■ EXERCISE AIM: Nothing outside the stretch is wanted. Repeat exactly the lines of the listing below from the one that contains "N \<Longrightarrow> j'" through the one that contains "using r_pos by (cases", both ends included.

━━ ENTRIES SHOWN ━━

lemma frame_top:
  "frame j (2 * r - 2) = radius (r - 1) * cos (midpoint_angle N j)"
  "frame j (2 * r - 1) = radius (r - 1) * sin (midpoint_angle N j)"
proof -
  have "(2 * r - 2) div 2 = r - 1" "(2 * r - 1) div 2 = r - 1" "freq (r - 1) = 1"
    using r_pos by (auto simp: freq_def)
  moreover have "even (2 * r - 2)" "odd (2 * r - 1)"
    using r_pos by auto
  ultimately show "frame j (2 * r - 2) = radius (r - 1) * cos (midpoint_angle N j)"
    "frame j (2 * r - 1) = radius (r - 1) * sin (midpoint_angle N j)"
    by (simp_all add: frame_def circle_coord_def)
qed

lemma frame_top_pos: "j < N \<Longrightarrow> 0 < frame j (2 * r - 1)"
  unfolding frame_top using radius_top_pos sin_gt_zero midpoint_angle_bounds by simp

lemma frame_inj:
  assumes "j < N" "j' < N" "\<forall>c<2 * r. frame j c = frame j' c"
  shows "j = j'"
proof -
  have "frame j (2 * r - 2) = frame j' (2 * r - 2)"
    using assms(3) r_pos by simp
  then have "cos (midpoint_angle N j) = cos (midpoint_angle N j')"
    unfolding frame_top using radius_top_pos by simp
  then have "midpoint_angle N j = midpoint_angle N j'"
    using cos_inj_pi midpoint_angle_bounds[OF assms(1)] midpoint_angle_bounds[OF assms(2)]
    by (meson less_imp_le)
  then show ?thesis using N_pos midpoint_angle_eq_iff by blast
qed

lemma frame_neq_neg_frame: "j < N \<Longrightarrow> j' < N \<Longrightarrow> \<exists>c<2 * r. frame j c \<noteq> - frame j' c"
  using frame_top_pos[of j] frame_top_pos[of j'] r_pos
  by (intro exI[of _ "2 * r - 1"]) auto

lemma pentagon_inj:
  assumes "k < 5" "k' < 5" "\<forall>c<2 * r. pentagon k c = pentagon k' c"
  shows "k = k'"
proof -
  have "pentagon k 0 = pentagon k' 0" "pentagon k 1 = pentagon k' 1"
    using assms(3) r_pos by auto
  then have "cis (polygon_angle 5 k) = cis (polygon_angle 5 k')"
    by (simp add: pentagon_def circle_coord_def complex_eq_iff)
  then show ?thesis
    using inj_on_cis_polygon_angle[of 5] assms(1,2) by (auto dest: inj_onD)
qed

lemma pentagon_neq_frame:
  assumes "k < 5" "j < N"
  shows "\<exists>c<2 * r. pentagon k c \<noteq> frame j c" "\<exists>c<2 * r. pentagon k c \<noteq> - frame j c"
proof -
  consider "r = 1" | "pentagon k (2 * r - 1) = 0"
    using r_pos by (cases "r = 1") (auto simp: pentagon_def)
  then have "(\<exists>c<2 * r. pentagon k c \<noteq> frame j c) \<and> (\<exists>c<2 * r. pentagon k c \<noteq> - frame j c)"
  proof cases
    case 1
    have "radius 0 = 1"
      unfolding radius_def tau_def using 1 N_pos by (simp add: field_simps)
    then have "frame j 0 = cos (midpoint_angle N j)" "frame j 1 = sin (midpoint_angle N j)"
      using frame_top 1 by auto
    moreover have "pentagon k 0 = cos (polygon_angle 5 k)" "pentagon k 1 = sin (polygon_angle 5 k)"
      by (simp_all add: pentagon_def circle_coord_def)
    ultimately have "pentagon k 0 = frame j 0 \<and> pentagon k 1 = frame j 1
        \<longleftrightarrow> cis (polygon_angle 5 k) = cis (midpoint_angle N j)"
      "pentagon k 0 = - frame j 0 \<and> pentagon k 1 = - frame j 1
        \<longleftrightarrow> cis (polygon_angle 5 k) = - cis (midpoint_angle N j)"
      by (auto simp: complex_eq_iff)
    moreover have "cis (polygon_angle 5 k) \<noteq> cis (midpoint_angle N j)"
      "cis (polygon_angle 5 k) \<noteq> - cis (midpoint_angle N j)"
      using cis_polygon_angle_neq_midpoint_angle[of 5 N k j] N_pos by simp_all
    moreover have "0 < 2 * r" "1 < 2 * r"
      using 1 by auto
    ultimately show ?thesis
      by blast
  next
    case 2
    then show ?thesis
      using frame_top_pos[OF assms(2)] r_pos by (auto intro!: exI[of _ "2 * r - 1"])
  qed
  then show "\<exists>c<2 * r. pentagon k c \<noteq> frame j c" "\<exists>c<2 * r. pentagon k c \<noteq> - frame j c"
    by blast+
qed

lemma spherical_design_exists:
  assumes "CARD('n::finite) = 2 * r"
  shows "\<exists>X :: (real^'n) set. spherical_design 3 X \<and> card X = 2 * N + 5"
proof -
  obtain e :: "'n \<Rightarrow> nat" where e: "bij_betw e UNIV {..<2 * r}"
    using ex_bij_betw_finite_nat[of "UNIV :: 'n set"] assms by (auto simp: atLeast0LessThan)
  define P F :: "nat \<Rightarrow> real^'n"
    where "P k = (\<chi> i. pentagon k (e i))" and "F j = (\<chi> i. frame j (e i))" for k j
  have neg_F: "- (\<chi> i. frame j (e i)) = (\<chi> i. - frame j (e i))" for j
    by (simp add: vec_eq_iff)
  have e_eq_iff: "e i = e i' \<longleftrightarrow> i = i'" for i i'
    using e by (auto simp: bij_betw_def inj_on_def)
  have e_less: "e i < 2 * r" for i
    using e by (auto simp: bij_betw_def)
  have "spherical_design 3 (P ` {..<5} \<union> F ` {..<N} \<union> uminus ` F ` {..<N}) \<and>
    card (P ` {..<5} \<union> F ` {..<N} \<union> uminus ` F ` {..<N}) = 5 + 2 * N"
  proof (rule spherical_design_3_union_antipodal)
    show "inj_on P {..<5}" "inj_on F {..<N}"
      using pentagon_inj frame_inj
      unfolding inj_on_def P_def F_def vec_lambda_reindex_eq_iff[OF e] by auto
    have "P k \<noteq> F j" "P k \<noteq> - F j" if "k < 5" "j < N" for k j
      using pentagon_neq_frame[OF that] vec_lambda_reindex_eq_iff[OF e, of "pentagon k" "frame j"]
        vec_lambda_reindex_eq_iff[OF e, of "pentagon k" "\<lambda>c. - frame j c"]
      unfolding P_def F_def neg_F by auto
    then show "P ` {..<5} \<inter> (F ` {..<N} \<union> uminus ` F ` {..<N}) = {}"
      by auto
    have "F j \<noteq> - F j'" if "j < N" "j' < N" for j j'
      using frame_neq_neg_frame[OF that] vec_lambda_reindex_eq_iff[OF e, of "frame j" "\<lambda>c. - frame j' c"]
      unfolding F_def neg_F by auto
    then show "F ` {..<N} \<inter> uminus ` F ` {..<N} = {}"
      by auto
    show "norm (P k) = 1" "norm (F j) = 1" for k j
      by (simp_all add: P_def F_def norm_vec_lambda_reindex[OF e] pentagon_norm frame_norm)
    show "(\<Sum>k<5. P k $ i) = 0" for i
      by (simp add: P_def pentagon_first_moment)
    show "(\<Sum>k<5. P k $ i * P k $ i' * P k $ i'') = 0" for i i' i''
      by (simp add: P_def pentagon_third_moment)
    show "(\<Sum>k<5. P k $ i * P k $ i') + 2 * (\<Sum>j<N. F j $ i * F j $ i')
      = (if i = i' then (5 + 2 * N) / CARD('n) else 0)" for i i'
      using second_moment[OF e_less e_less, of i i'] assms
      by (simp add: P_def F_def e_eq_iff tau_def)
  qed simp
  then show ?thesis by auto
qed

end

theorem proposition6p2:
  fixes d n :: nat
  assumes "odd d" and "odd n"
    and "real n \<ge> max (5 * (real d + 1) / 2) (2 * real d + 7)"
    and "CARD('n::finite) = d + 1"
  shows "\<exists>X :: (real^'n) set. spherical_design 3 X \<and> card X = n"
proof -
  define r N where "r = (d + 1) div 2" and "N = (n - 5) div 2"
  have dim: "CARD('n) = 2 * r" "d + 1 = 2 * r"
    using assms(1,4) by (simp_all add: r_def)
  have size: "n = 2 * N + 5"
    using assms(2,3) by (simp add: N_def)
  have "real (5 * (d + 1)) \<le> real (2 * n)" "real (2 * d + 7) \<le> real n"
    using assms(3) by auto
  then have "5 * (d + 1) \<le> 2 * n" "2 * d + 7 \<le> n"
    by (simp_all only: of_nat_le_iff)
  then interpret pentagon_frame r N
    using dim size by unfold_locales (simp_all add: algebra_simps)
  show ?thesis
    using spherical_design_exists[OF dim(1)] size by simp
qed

━━━
━━ ENTRIES SHOWN ━━

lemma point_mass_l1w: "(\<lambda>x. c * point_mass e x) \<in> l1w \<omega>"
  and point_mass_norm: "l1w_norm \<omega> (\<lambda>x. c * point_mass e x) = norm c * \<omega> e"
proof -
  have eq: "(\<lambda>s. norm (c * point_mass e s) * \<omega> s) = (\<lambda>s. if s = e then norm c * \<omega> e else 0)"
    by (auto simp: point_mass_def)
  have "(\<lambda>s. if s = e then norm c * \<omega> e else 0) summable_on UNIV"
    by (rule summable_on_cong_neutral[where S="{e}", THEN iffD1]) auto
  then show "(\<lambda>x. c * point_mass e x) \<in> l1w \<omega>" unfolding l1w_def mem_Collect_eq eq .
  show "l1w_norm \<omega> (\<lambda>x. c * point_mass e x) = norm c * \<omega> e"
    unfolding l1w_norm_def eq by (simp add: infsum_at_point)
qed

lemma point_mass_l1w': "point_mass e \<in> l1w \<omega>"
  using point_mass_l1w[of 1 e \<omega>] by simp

━━━
━━ ENTRIES SHOWN ━━

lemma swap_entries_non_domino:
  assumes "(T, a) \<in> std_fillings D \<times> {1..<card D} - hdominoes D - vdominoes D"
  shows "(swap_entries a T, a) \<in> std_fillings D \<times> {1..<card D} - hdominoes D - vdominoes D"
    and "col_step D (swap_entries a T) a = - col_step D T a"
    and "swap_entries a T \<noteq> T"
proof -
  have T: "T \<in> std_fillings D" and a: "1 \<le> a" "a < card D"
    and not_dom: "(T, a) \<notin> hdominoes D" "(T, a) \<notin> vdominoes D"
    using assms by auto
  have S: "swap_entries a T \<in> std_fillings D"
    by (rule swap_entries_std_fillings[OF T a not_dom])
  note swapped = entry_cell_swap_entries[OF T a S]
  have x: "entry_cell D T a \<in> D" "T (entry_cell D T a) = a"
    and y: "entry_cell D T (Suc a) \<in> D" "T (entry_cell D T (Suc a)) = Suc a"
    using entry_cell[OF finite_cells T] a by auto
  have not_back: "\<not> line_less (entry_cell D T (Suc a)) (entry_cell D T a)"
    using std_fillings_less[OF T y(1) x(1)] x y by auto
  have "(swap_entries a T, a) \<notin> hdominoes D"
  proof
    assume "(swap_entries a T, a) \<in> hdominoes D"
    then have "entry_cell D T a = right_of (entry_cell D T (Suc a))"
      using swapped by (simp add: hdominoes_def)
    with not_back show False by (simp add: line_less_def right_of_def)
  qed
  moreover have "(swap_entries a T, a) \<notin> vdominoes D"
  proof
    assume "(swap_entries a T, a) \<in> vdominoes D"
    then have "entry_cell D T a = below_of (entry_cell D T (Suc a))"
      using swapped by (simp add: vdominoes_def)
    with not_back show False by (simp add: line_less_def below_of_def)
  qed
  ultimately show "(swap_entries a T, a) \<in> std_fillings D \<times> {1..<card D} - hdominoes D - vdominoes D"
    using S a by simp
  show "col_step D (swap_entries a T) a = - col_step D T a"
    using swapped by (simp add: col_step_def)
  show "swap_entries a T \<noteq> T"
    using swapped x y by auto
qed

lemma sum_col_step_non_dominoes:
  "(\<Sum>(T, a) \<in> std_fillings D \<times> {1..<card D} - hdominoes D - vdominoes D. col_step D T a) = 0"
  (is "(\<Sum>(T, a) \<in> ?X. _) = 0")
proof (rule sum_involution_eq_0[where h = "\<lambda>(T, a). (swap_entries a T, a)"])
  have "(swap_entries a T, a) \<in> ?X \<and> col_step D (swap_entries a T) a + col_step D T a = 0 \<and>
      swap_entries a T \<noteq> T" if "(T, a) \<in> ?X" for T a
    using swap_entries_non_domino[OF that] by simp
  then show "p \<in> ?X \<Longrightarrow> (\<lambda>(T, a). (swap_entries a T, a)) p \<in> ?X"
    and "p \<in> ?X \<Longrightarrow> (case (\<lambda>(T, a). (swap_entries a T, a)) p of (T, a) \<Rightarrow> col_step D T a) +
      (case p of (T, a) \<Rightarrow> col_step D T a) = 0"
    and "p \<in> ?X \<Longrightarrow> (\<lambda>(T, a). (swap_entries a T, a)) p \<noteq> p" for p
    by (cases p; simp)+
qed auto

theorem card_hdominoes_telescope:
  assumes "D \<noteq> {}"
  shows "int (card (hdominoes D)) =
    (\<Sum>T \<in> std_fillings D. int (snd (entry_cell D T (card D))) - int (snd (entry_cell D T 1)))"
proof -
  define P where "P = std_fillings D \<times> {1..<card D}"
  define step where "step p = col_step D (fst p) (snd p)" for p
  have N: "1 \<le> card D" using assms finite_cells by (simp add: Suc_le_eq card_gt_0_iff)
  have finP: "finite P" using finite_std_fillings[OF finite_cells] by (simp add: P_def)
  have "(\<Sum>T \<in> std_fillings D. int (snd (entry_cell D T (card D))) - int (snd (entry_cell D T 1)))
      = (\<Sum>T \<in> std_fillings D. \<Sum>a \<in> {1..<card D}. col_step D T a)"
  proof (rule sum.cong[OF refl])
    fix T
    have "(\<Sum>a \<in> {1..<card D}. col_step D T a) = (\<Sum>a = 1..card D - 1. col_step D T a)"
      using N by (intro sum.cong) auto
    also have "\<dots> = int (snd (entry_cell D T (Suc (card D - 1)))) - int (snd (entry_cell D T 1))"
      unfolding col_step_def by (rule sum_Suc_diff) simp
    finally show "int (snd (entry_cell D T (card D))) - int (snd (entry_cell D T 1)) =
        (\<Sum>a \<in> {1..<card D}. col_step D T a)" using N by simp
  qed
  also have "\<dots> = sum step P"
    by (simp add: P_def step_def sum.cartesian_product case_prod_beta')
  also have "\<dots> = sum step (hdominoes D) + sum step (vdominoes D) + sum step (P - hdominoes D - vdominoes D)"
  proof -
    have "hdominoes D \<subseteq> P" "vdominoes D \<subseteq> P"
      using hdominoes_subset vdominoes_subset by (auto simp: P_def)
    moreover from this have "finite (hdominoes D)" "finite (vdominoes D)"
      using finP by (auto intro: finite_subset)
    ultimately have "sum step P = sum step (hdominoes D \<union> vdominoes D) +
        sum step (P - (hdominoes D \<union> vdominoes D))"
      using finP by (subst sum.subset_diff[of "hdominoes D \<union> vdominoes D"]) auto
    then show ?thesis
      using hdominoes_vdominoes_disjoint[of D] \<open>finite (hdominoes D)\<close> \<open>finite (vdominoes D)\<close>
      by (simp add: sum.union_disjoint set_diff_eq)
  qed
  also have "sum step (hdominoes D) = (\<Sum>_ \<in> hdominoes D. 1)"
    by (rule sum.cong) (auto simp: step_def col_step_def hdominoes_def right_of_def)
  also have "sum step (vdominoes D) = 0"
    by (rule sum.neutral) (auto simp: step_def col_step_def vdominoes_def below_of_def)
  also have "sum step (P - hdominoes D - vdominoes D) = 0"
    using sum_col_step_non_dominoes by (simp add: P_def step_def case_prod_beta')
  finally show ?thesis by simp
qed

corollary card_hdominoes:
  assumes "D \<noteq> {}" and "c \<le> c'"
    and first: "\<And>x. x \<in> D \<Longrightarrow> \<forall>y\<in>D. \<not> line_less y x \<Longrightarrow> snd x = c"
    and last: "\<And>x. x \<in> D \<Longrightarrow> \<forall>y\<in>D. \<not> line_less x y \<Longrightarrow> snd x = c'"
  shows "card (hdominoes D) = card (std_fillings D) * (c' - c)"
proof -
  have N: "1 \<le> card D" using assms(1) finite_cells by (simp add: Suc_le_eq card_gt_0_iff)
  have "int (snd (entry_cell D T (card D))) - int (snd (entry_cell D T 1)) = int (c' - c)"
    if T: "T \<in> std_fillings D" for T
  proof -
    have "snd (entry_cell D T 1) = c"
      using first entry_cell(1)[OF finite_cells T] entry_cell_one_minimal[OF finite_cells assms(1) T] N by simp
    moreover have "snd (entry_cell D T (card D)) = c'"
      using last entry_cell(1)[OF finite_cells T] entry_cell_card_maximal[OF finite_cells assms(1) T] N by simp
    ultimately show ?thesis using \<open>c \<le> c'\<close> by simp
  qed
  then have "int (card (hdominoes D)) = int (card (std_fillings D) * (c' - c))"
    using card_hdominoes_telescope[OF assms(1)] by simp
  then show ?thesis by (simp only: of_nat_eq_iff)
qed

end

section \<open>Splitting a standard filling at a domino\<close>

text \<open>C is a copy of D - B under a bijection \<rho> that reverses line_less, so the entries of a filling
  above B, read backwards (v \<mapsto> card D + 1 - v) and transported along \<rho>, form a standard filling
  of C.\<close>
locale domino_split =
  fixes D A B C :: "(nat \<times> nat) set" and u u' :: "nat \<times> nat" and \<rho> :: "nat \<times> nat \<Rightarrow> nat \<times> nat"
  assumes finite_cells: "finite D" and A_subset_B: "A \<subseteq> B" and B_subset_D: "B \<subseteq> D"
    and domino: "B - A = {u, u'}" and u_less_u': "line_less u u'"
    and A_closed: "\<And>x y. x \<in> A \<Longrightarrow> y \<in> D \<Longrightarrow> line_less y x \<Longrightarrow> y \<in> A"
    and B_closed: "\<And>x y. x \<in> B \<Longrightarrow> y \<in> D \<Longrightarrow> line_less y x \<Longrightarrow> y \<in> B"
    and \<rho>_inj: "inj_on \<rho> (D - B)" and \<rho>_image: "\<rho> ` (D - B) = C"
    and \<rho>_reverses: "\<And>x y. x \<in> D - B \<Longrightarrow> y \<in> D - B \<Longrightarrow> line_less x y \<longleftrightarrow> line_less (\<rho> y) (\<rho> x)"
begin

━━━

■ EXERCISE OUTPUT:
lemma frame_neq_neg_frame: "j < N \<Longrightarrow> j' < N \<Longrightarrow> \<exists>c<2 * r. frame j c \<noteq> - frame j' c"
  using frame_top_pos[of j] frame_top_pos[of j'] r_pos
  by (intro exI[of _ "2 * r - 1"]) auto

lemma pentagon_inj:
  assumes "k < 5" "k' < 5" "\<forall>c<2 * r. pentagon k c = pentagon k' c"
  shows "k = k'"
proof -
  have "pentagon k 0 = pentagon k' 0" "pentagon k 1 = pentagon k' 1"
    using assms(3) r_pos by auto
  then have "cis (polygon_angle 5 k) = cis (polygon_angle 5 k')"
    by (simp add: pentagon_def circle_coord_def complex_eq_iff)
  then show ?thesis
    using inj_on_cis_polygon_angle[of 5] assms(1,2) by (auto dest: inj_onD)
qed

lemma pentagon_neq_frame:
  assumes "k < 5" "j < N"
  shows "\<exists>c<2 * r. pentagon k c \<noteq> frame j c" "\<exists>c<2 * r. pentagon k c \<noteq> - frame j c"
proof -
  consider "r = 1" | "pentagon k (2 * r - 1) = 0"
    using r_pos by (cases "r = 1") (auto simp: pentagon_def)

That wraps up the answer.